> **Task instructions**
Among the lines below, count those that include "this", and state the count alone.

> **Exercise material**
lemma minus_mod_minus_mod: "x < n \<Longrightarrow> (n - (n - x) mod n) mod n = x" for x n :: nat
  by (cases "x = 0") simp_all

lemma reflect_subset: "n > 0 \<Longrightarrow> reflect n p \<subseteq> {0..<n}"
  by (auto simp: reflect_def)

lemma card_reflect:
  assumes "p \<subseteq> {0..<n}"
  shows "card (reflect n p) = card p"
  unfolding reflect_def
  by (rule card_image, rule inj_on_inverseI[where g = "\<lambda>k. (n - k) mod n"])
    (use assms minus_mod_minus_mod in auto)

lemma coeff_fun_reflect:
  assumes p: "p \<subseteq> {0..<n}" and n: "n > 0"
  shows "coeff_fun n (reflect n p) k = coeff_fun n p (- k)"
proof -
  define r where "r = nat (k mod int n)"
  have r: "r < n" "int r = k mod int n"
    using n by (auto simp: r_def nat_less_iff)
  have minus_k: "nat ((- k) mod int n) = (n - r) mod n"
  proof -
    have "(- k) mod int n = (int n - int r) mod int n"
      using r by (simp add: mod_minus_eq mod_diff_left_eq[symmetric])
    also have "\<dots> = int ((n - r) mod n)"
      using r by (simp add: of_nat_diff zmod_int)
    finally show ?thesis
      by simp
  qed
  have "r \<in> reflect n p \<longleftrightarrow> (n - r) mod n \<in> p"
    unfolding reflect_def using p r(1) minus_mod_minus_mod
    by (auto intro!: image_eqI[where x = "(n - r) mod n"])
  then show ?thesis
    unfolding coeff_fun_def r_def[symmetric] minus_k by simp
qed
(* Let $\lambda>0$ and $R_c>0$. Let $\Phi$ be a homogeneous Poisson point process on $\mathbb{R}^2$ of intensity $\lambda$, let $\mathcal{D}=\{y\in\mathbb{R}^2:\|y\|\le R_c\}$ and $\Phi_o=\Phi\setminus\mathcal{D}$. Fix $r_0\in[0,R_c]$, put $x_0=(r_0,0)$ and let $r_1=\min_{y\in\Phi_o}\|y-x_0\|$. Then the (conditional, given $r_0$) probability density function of $r_1$ is $$f_{r_1|r_0}(r)=\begin{cases}0, & r\le R_c-r_0,\\ \lambda\zeta_1(r)e^{-\lambda\zeta_2(r)}, & R_c-r_0<r<R_c+r_0,\\ 2\pi\lambda r\, e^{-\lambda(\pi r^2-\pi R_c^2)}, & \text{otherwise},\end{cases}$$ and its cumulative distribution function is $$F_{r_1|r_0}(r)=\begin{cases}0, & r\le R_c-r_0,\\ 1-e^{-\lambda\zeta_2(r)}, & R_c-r_0<r<R_c+r_0,\\ 1-e^{-\lambda(\pi r^2-\pi R_c^2)}, & \text{otherwise},\end{cases}$$ where $$\zeta_1(r)=2\pi r+\frac{r}{r_0}\sqrt{-\frac{(r-r_0-R_c)(r+r_0-R_c)(r-r_0+R_c)(r+r_0+R_c)}{r_0^2}}-\frac{r}{r_0}\sqrt{-\frac{(-r+r_0-R_c)(r+r_0-R_c)(-r+r_0+R_c)(r+r_0+R_c)}{r_0^2}}-2r\sec^{-1}\frac{2rr_0}{r^2+r_0^2-R_c^2},$$ $$\zeta_2(r)=\pi r^2-\theta_1(r)R_c^2+R_c^2\sin\theta_1(r)\cos\theta_1(r)-\theta_2(r)r^2+r^2\sin\theta_2(r)\cos\theta_2(r),$$ with $\theta_1(r)=\arccos\frac{R_c^2+r_0^2-r^2}{2R_cr_0}$ and $\theta_2(r)=\arccos\frac{r_0^2+r^2-R_c^2}{2r_0r}$.
   Context: $\Phi_o$ models the working ground base stations outside the circular malfunction area $\mathcal{D}$ centered at the origin; $x_0$ is a user located at horizontal distance $r_0$ from the center, and $r_1$ is the distance from the user to its nearest working ground base station. When $r_0=0$ the middle case is empty. *)

theory Defs
  imports "HOL-Probability.Probability"
begin

definition poisson_point_process ::
  "'s measure \<Rightarrow> ('s \<Rightarrow> (real \<times> real) set) \<Rightarrow> real \<Rightarrow> bool" where
  "poisson_point_process M Phi lam \<longleftrightarrow>
     prob_space M \<and>
     (\<forall>\<omega>\<in>space M. \<forall>A. bounded A \<longrightarrow> finite (Phi \<omega> \<inter> A)) \<and>
     (\<forall>A. A \<in> sets lborel \<and> bounded A \<longrightarrow>
        (\<forall>k::nat. measure M {\<omega>\<in>space M. card (Phi \<omega> \<inter> A) = k}
             = (lam * measure lborel A) ^ k / fact k * exp (- lam * measure lborel A))) \<and>
     (\<forall>(I::nat set) (A::nat \<Rightarrow> (real \<times> real) set).
        finite I \<and> (\<forall>i\<in>I. A i \<in> sets lborel \<and> bounded (A i)) \<and> disjoint_family_on A I \<longrightarrow>
        prob_space.indep_vars M (\<lambda>_. count_space UNIV) (\<lambda>i \<omega>. card (Phi \<omega> \<inter> A i)) I)"

definition arcsec :: "real \<Rightarrow> real" where
  "arcsec x = arccos (1 / x)"

definition theta1 :: "real \<Rightarrow> real \<Rightarrow> real \<Rightarrow> real" where
  "theta1 Rc r0 r = arccos ((Rc\<^sup>2 + r0\<^sup>2 - r\<^sup>2) / (2 * Rc * r0))"

definition theta2 :: "real \<Rightarrow> real \<Rightarrow> real \<Rightarrow> real" where
  "theta2 Rc r0 r = arccos ((r0\<^sup>2 + r\<^sup>2 - Rc\<^sup>2) / (2 * r0 * r))"

definition zeta1 :: "real \<Rightarrow> real \<Rightarrow> real \<Rightarrow> real" where
  "zeta1 Rc r0 r =
     2 * pi * r
     + r / r0 * sqrt (- ((r - r0 - Rc) * (r + r0 - Rc) * (r - r0 + Rc) * (r + r0 + Rc)) / r0\<^sup>2)
     - r / r0 * sqrt (- ((- r + r0 - Rc) * (r + r0 - Rc) * (- r + r0 + Rc) * (r + r0 + Rc)) / r0\<^sup>2)
     - 2 * r * arcsec (2 * r * r0 / (r\<^sup>2 + r0\<^sup>2 - Rc\<^sup>2))"

definition zeta2 :: "real \<Rightarrow> real \<Rightarrow> real \<Rightarrow> real" where
  "zeta2 Rc r0 r =
     pi * r\<^sup>2 - theta1 Rc r0 r * Rc\<^sup>2 + Rc\<^sup>2 * sin (theta1 Rc r0 r) * cos (theta1 Rc r0 r)
     - theta2 Rc r0 r * r\<^sup>2 + r\<^sup>2 * sin (theta2 Rc r0 r) * cos (theta2 Rc r0 r)"

definition pdf_r1 :: "real \<Rightarrow> real \<Rightarrow> real \<Rightarrow> real \<Rightarrow> real" where
  "pdf_r1 lam Rc r0 r =
     (if r \<le> Rc - r0 then 0
      else if r < Rc + r0 then lam * zeta1 Rc r0 r * exp (- lam * zeta2 Rc r0 r)
      else 2 * pi * lam * r * exp (- lam * (pi * r\<^sup>2 - pi * Rc\<^sup>2)))"

definition cdf_r1 :: "real \<Rightarrow> real \<Rightarrow> real \<Rightarrow> real \<Rightarrow> real" where
  "cdf_r1 lam Rc r0 r =
     (if r \<le> Rc - r0 then 0
      else if r < Rc + r0 then 1 - exp (- lam * zeta2 Rc r0 r)
      else 1 - exp (- lam * (pi * r\<^sup>2 - pi * Rc\<^sup>2)))"

end

theory Submission
  imports Defs "HOL-Real_Asymp.Real_Asymp"
begin

text \<open>The event \<open>r1 > r\<close> says that the process has no point in the lune
  \<open>cball (r0, 0) r - cball 0 Rc\<close>, so by the Poisson property \<open>P(r1 \<le> r) = 1 - exp (- lam * A r)\<close>,
  \<open>A r\<close> being the area of the lune; the null event that no point at all lies outside the disc is
  irrelevant. The lune is the disc of radius \<open>r\<close> minus its lens-shaped intersection with the disc
  of radius \<open>Rc\<close>; slicing the lens by vertical lines splits it into two circular segments, and
  this gives \<open>A r = zeta2 r\<close> for \<open>Rc - r0 < r < Rc + r0\<close>. The distribution function is continuous, and away from
  \<open>r = Rc \<plusminus> r0\<close> its derivative is \<open>lam * zeta1 r * exp (- lam * zeta2 r)\<close>, where \<open>zeta1 r\<close> is
  the length of the part of the circle of radius \<open>r\<close> outside the disc.\<close>

section \<open>Circular segments\<close>

text \<open>Area of the part of the unit disc beyond a chord at signed distance \<open>u\<close> from the centre.\<close>

definition unit_segment_area :: "real \<Rightarrow> real" where
  "unit_segment_area u = arccos u - u * sqrt (1 - u\<^sup>2)"

lemma unit_segment_area_has_derivative:
  assumes "-1 < u" "u < 1"
  shows "(unit_segment_area has_real_derivative (-2 * sqrt (1 - u\<^sup>2))) (at u)"
proof -
  have s: "sqrt (1 - u\<^sup>2) > 0"
    using assms by (simp add: abs_square_less_1 abs_less_iff)
  have sq: "sqrt (1 - u\<^sup>2) * sqrt (1 - u\<^sup>2) = 1 - u\<^sup>2"
    using s by (metis less_eq_real_def real_sqrt_pow2 power2_eq_square real_sqrt_ge_0_iff)
  have "(unit_segment_area has_real_derivative
      inverse (- sqrt (1 - u\<^sup>2)) - (1 * sqrt (1 - u\<^sup>2) + u * (inverse (sqrt (1 - u\<^sup>2)) / 2 * (- (2 * u))))) (at u)"
    unfolding unit_segment_area_def[abs_def]
    by (intro derivative_intros DERIV_arccos assms) (use s in \<open>auto intro!: derivative_eq_intros\<close>)
  moreover have "inverse (- sqrt (1 - u\<^sup>2)) - (1 * sqrt (1 - u\<^sup>2) + u * (inverse (sqrt (1 - u\<^sup>2)) / 2 * (- (2 * u))))
      = -2 * sqrt (1 - u\<^sup>2)"
    using s sq by (simp add: field_simps) (simp add: algebra_simps power2_eq_square)
  ultimately show ?thesis by (rule DERIV_cong)
qed

lemma unit_segment_area_1 [simp]: "unit_segment_area 1 = 0"
  and unit_segment_area_minus_1 [simp]: "unit_segment_area (-1) = pi"
  unfolding unit_segment_area_def by simp_all

lemma continuous_on_unit_segment_area:
  "continuous_on S f \<Longrightarrow> (\<And>x. x \<in> S \<Longrightarrow> \<bar>f x\<bar> \<le> 1) \<Longrightarrow> continuous_on S (\<lambda>x. unit_segment_area (f x))"
  unfolding unit_segment_area_def by (intro continuous_intros) (auto simp: abs_le_iff)

definition chord_primitive :: "real \<Rightarrow> real \<Rightarrow> real" where
  "chord_primitive \<rho> t = t * sqrt (\<rho>\<^sup>2 - t\<^sup>2) + \<rho>\<^sup>2 * arcsin (t / \<rho>)"

lemma chord_primitive_has_derivative:
  assumes "\<rho> > 0" "\<bar>t\<bar> < \<rho>"
  shows "(chord_primitive \<rho> has_real_derivative 2 * sqrt (\<rho>\<^sup>2 - t\<^sup>2)) (at t)"
proof -
  have "\<bar>t\<bar>\<^sup>2 < \<rho>\<^sup>2" using assms by (intro power_strict_mono) auto
  then have pos: "\<rho>\<^sup>2 - t\<^sup>2 > 0" by simp
  then have s: "sqrt (\<rho>\<^sup>2 - t\<^sup>2) > 0" by simp
  have sq: "sqrt (\<rho>\<^sup>2 - t\<^sup>2) * sqrt (\<rho>\<^sup>2 - t\<^sup>2) = \<rho>\<^sup>2 - t\<^sup>2" using pos by simp
  have b: "-1 < t / \<rho>" "t / \<rho> < 1" using assms by (auto simp: field_simps abs_less_iff)
  have "1 - (t / \<rho>)\<^sup>2 = (\<rho>\<^sup>2 - t\<^sup>2) / \<rho>\<^sup>2" using assms by (simp add: field_simps power2_eq_square)
  then have e: "sqrt (1 - (t / \<rho>)\<^sup>2) = sqrt (\<rho>\<^sup>2 - t\<^sup>2) / \<rho>" using assms by (simp add: real_sqrt_divide)
  have "(chord_primitive \<rho> has_real_derivative
      1 * sqrt (\<rho>\<^sup>2 - t\<^sup>2) + t * (inverse (sqrt (\<rho>\<^sup>2 - t\<^sup>2)) / 2 * (0 - 2 * t))
        + \<rho>\<^sup>2 * (inverse (sqrt (1 - (t / \<rho>)\<^sup>2)) * (1 / \<rho>))) (at t)"
    unfolding chord_primitive_def[abs_def] using s b by (auto intro!: derivative_eq_intros)
  moreover have "1 * sqrt (\<rho>\<^sup>2 - t\<^sup>2) + t * (inverse (sqrt (\<rho>\<^sup>2 - t\<^sup>2)) / 2 * (0 - 2 * t))
        + \<rho>\<^sup>2 * (inverse (sqrt (1 - (t / \<rho>)\<^sup>2)) * (1 / \<rho>)) = 2 * sqrt (\<rho>\<^sup>2 - t\<^sup>2)"
    unfolding e using s sq assms by (simp add: field_simps) (simp add: algebra_simps power2_eq_square)
  ultimately show ?thesis by (rule DERIV_cong)
qed

lemma chord_primitive_scaled:
  assumes "\<rho> > 0" "\<bar>v\<bar> \<le> 1"
  shows "chord_primitive \<rho> (\<rho> * v) = \<rho>\<^sup>2 * (v * sqrt (1 - v\<^sup>2) + arcsin v)"
proof -
  have "\<rho>\<^sup>2 - (\<rho> * v)\<^sup>2 = \<rho>\<^sup>2 * (1 - v\<^sup>2)" by (simp add: algebra_simps)
  then have "sqrt (\<rho>\<^sup>2 - (\<rho> * v)\<^sup>2) = \<rho> * sqrt (1 - v\<^sup>2)" using assms by (simp add: real_sqrt_mult)
  then show ?thesis unfolding chord_primitive_def using assms by (simp add: algebra_simps power2_eq_square)
qed
lemma continuous_on_polar_dr:
  "continuous_on ({0..r} \<times> B) (\<lambda>p. dir_deriv u (x + fst p *\<^sub>R rad_dir (snd p)) (rad_dir (snd p)))"
  unfolding dir_deriv_def rad_dir_nth
  by (intro continuous_intros continuous_on_polar[OF continuous_on_partial_u cball_subset])

lemma continuous_on_polar_drr:
  "continuous_on ({0..r} \<times> B)
     (\<lambda>p. dir_deriv2 u (x + fst p *\<^sub>R rad_dir (snd p)) (rad_dir (snd p)) (rad_dir (snd p)))"
  unfolding dir_deriv2_def dir_deriv_def rad_dir_nth
  by (intro continuous_intros continuous_on_polar[OF continuous_on_partial_partial_u cball_subset])

lemma has_real_derivative_circle_integral:
  "\<rho> \<in> {0..r} \<Longrightarrow>
     (circle_integral u x has_real_derivative circle_integral_dr \<rho>) (at \<rho> within {0..r})"
  unfolding circle_integral_def[abs_def] circle_integral_dr_def
  by (rule has_real_derivative_integral_param[OF has_real_derivative_comp_dir_deriv[OF open_domain
        has_partial_u continuous_on_partial_u has_vector_derivative_polar_radius
        polar_point_in_domain] continuous_on_polar_u continuous_on_polar_dr])

lemma has_real_derivative_circle_integral_dr:
  "\<rho> \<in> {0..r} \<Longrightarrow>
     (circle_integral_dr has_real_derivative circle_integral_drr \<rho>) (at \<rho> within {0..r})"
  unfolding circle_integral_dr_def[abs_def] circle_integral_drr_def
  using has_real_derivative_dir_deriv_comp[OF open_domain has_partial_partial_u
      continuous_on_partial_partial_u has_vector_derivative_polar_radius polar_point_in_domain
      has_vector_derivative_const]
  by (intro has_real_derivative_integral_param continuous_on_polar_dr continuous_on_polar_drr) auto
text \<open>Outer loop: rrm_state ... k = (xt^k, x^k) for k \<ge> 1, with xt^1 = x^1 = x1.
  Epoch k uses step size alpha k and permutation ps k; m = number of mini-batches.
  (The value at k = 0 is an irrelevant convention.)\<close>
fun rrm_state ::
  "(nat \<Rightarrow> 'a::euclidean_space \<Rightarrow> 'a) \<Rightarrow> nat \<Rightarrow> nat \<Rightarrow> (nat \<Rightarrow> real) \<Rightarrow> real \<Rightarrow> real \<Rightarrow>
   (nat \<Rightarrow> nat \<Rightarrow> nat) \<Rightarrow> 'a \<Rightarrow> nat \<Rightarrow> 'a \<times> 'a" where
  "rrm_state grad b m alpha beta lam ps x1 0 = (x1, x1)"
| "rrm_state grad b m alpha beta lam ps x1 (Suc 0) = (x1, x1)"
| "rrm_state grad b m alpha beta lam ps x1 (Suc (Suc k)) =
     rrm_inner grad b (alpha (Suc k)) beta lam (ps (Suc k))
       (rrm_state grad b m alpha beta lam ps x1 (Suc k)) m"

end

theory Submission
  imports Defs "HOL-Combinatorics.Permutations"
begin

text \<open>Let \<open>u\<^sup>k = \<parallel>x\<^sup>k - x\<tilde>\<^sup>k\<parallel>\<close>; since \<open>z\<^sup>k - x\<^sup>k = \<beta>/(1-\<beta>) (x\<^sup>k - x\<tilde>\<^sup>k)\<close>, it suffices that \<open>u\<^sup>k \<rightarrow> 0\<close>.
  Over one epoch the proxy moves by \<open>-\<alpha>\<^sub>k/(1-\<beta>)\<close> times the sum of the mini-batch directions, and as
  every component is used exactly once per epoch, this sum is the full gradient at \<open>z\<^sup>k\<close> up to an
  error of order \<open>u\<^sup>k + \<alpha>\<^sub>k \<parallel>\<nabla>f(z\<^sup>k)\<parallel>\<close>. For small steps the descent lemma then gives a Lyapunov
  inequality \<open>F(z\<^sup>k\<^sup>+\<^sup>1) + B \<alpha>\<^sub>k\<^sub>+\<^sub>1 (u\<^sup>k\<^sup>+\<^sup>1)\<^sup>2 \<le> (1 + C \<alpha>\<^sub>k\<^sup>3) (F(z\<^sup>k) + B \<alpha>\<^sub>k (u\<^sup>k)\<^sup>2)\<close> with \<open>F = n (f - f\<^sub>b\<^sub>a\<^sub>r)\<close>,
  so \<open>\<Sum> \<alpha>\<^sub>k\<^sup>3 < \<infinity>\<close> keeps \<open>F(z\<^sup>k)\<close>, and with it the gradients at \<open>z\<^sup>k\<close>, bounded. Finally
  \<open>u\<^sup>k\<^sup>+\<^sup>1 \<le> (1 + \<beta>\<^sup>m)/2 \<cdot> u\<^sup>k + O(\<alpha>\<^sub>k)\<close>, and \<open>\<alpha>\<^sub>k \<rightarrow> 0\<close> forces \<open>u\<^sup>k \<rightarrow> 0\<close>.\<close>

lemma descent_lemma:
  fixes g :: "'a::real_inner \<Rightarrow> real"
  assumes deriv: "\<And>x. (g has_derivative (\<lambda>h. G x \<bullet> h)) (at x)"
    and lip: "\<And>x y. norm (G x - G y) \<le> L * norm (x - y)"
    and L: "0 \<le> L"
  shows "g y \<le> g x + G x \<bullet> (y - x) + L * norm (y - x)^2"
proof -
  let ?g = "\<lambda>t::real. g (x + t *\<^sub>R (y - x))"
  have der: "DERIV ?g t :> G (x + t *\<^sub>R (y - x)) \<bullet> (y - x)" for t
  proof -
    have "((\<lambda>t. x + t *\<^sub>R (y - x)) has_derivative (\<lambda>h. h *\<^sub>R (y - x))) (at t)"
      by (auto intro!: derivative_eq_intros)
    from has_derivative_compose[OF this deriv]
    have "(?g has_derivative (\<lambda>h. G (x + t *\<^sub>R (y - x)) \<bullet> (h *\<^sub>R (y - x)))) (at t)" .
    moreover have "(\<lambda>h. G (x + t *\<^sub>R (y - x)) \<bullet> (h *\<^sub>R (y - x)))
        = (*) (G (x + t *\<^sub>R (y - x)) \<bullet> (y - x))"
      by (auto simp: fun_eq_iff inner_scaleR_right)
    ultimately show ?thesis unfolding has_field_derivative_def by simp
  qed
  obtain s where s: "0 < s" "s < 1" "?g 1 - ?g 0 = (1 - 0) * (G (x + s *\<^sub>R (y - x)) \<bullet> (y - x))"
    using MVT2[of 0 1 ?g, OF _ der] by auto
  have "(G (x + s *\<^sub>R (y - x)) - G x) \<bullet> (y - x) \<le> norm (G (x + s *\<^sub>R (y - x)) - G x) * norm (y - x)"
    by (rule norm_cauchy_schwarz)
  also have "\<dots> \<le> L * norm (s *\<^sub>R (y - x)) * norm (y - x)"
    using lip[of "x + s *\<^sub>R (y - x)" x] by (simp add: mult_right_mono)
  also have "\<dots> \<le> L * norm (y - x) * norm (y - x)"
    using s L by (simp add: mult_left_le_one_le mult_right_mono mult.assoc mult.left_commute[of L])
  finally have "(G (x + s *\<^sub>R (y - x)) - G x) \<bullet> (y - x) \<le> L * norm (y - x)^2"
    by (simp add: power2_eq_square mult.assoc)
  then show ?thesis using s(3) by (simp add: inner_diff_left)
qed
(* Unlike the
   inequalities on row lengths, these conditions are stable under
   intersections. *)
definition interl_plus_boxes :: "young \<Rightarrow> young \<Rightarrow> bool" where
  "interl_plus_boxes Y Y' \<longleftrightarrow> Y' \<subseteq> Y \<and> (\<forall>x j. (x, Suc j) \<in> Y \<longrightarrow> (x, j) \<in> Y')"

definition interl_minus_boxes :: "young \<Rightarrow> young \<Rightarrow> bool" where
  "interl_minus_boxes Y Y' \<longleftrightarrow> Y' \<subseteq> Y \<and> (\<forall>i y. (Suc i, y) \<in> Y \<longrightarrow> (i, y) \<in> Y')"

lemma interl_plus_iff_boxes:
  assumes "young Y" "young Y'" shows "interl_plus Y Y' \<longleftrightarrow> interl_plus_boxes Y Y'"
proof -
  have "row Y' j \<le> row Y k \<longleftrightarrow> {x. (x, j) \<in> Y'} \<subseteq> {x. (x, k) \<in> Y}"
    and "row Y j \<le> row Y' k \<longleftrightarrow> {x. (x, j) \<in> Y} \<subseteq> {x. (x, k) \<in> Y'}" for j k
    using assms by (simp_all add: row_boxes)
  hence "interl_plus Y Y' \<longleftrightarrow>
      (\<forall>j. {x. (x, j) \<in> Y'} \<subseteq> {x. (x, j) \<in> Y} \<and> {x. (x, Suc j) \<in> Y} \<subseteq> {x. (x, j) \<in> Y'})"
    unfolding interl_plus_def by presburger
  thus ?thesis unfolding interl_plus_boxes_def subset_iff mem_Collect_eq by auto
qed

lemma interl_minus_iff_boxes:
  assumes "young Y" "young Y'" shows "interl_minus Y Y' \<longleftrightarrow> interl_minus_boxes Y Y'"
proof -
  have "col Y' j \<le> col Y k \<longleftrightarrow> {y. (j, y) \<in> Y'} \<subseteq> {y. (k, y) \<in> Y}"
    and "col Y j \<le> col Y' k \<longleftrightarrow> {y. (j, y) \<in> Y} \<subseteq> {y. (k, y) \<in> Y'}" for j k
    using assms by (simp_all add: col_boxes)
  hence "interl_minus Y Y' \<longleftrightarrow>
      (\<forall>j. {y. (j, y) \<in> Y'} \<subseteq> {y. (j, y) \<in> Y} \<and> {y. (Suc j, y) \<in> Y} \<subseteq> {y. (j, y) \<in> Y'})"
    unfolding interl_minus_def by presburger
  thus ?thesis unfolding interl_minus_boxes_def subset_iff mem_Collect_eq by auto
qed

lemma interl_subset:
  assumes "young Y" "young Y'" "interl s Y Y'" shows "Y' \<subseteq> Y"
  using assms interl_plus_iff_boxes interl_minus_iff_boxes
  unfolding interl_def interl_plus_boxes_def interl_minus_boxes_def by (auto split: if_splits)

lemma young_Inter:
  assumes "V0 \<in> S" "\<forall>V\<in>S. young (f V)" shows "young (\<Inter>V\<in>S. f V)"
proof -
  have "finite (f V0)" using assms unfolding young_def by blast
  hence "finite (\<Inter>V\<in>S. f V)" using assms(1) by (meson INT_lower finite_subset)
  moreover have "(x', y') \<in> (\<Inter>V\<in>S. f V)"
    if xy: "(x, y) \<in> (\<Inter>V\<in>S. f V)" and "x' \<le> x" "y' \<le> y" for x y x' y'
  proof (rule INT_I)
    fix V assume "V \<in> S"
    hence "(x, y) \<in> f V" "young (f V)" using xy assms(2) by blast+
    thus "(x', y') \<in> f V" using \<open>x' \<le> x\<close> \<open>y' \<le> y\<close> unfolding young_def by blast
  qed
  ultimately show ?thesis unfolding young_def by blast
qed

lemma interl_Inter:
  assumes "V0 \<in> S" "\<forall>V\<in>S. young (f V) \<and> young (g V) \<and> interl s (f V) (g V)"
  shows "interl s (\<Inter>V\<in>S. f V) (\<Inter>V\<in>S. g V)"
proof -
  have yf: "young (\<Inter>V\<in>S. f V)" and yg: "young (\<Inter>V\<in>S. g V)"
    using young_Inter[OF assms(1)] assms(2) by auto
  show ?thesis
  proof (cases "s = 1")
    case True
    hence "\<forall>V\<in>S. interl_plus_boxes (f V) (g V)"
      using assms(2) interl_plus_iff_boxes unfolding interl_def by auto
    hence "interl_plus_boxes (\<Inter>V\<in>S. f V) (\<Inter>V\<in>S. g V)"
      unfolding interl_plus_boxes_def by blast
    thus ?thesis using True interl_plus_iff_boxes[OF yf yg] unfolding interl_def by simp
  next
    case False
    hence "\<forall>V\<in>S. interl_minus_boxes (f V) (g V)"
      using assms(2) interl_minus_iff_boxes unfolding interl_def by auto
    hence "interl_minus_boxes (\<Inter>V\<in>S. f V) (\<Inter>V\<in>S. g V)"
      unfolding interl_minus_boxes_def by blast
    thus ?thesis using False interl_minus_iff_boxes[OF yf yg] unfolding interl_def by simp
  qed
qed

> **Exercise answer**
3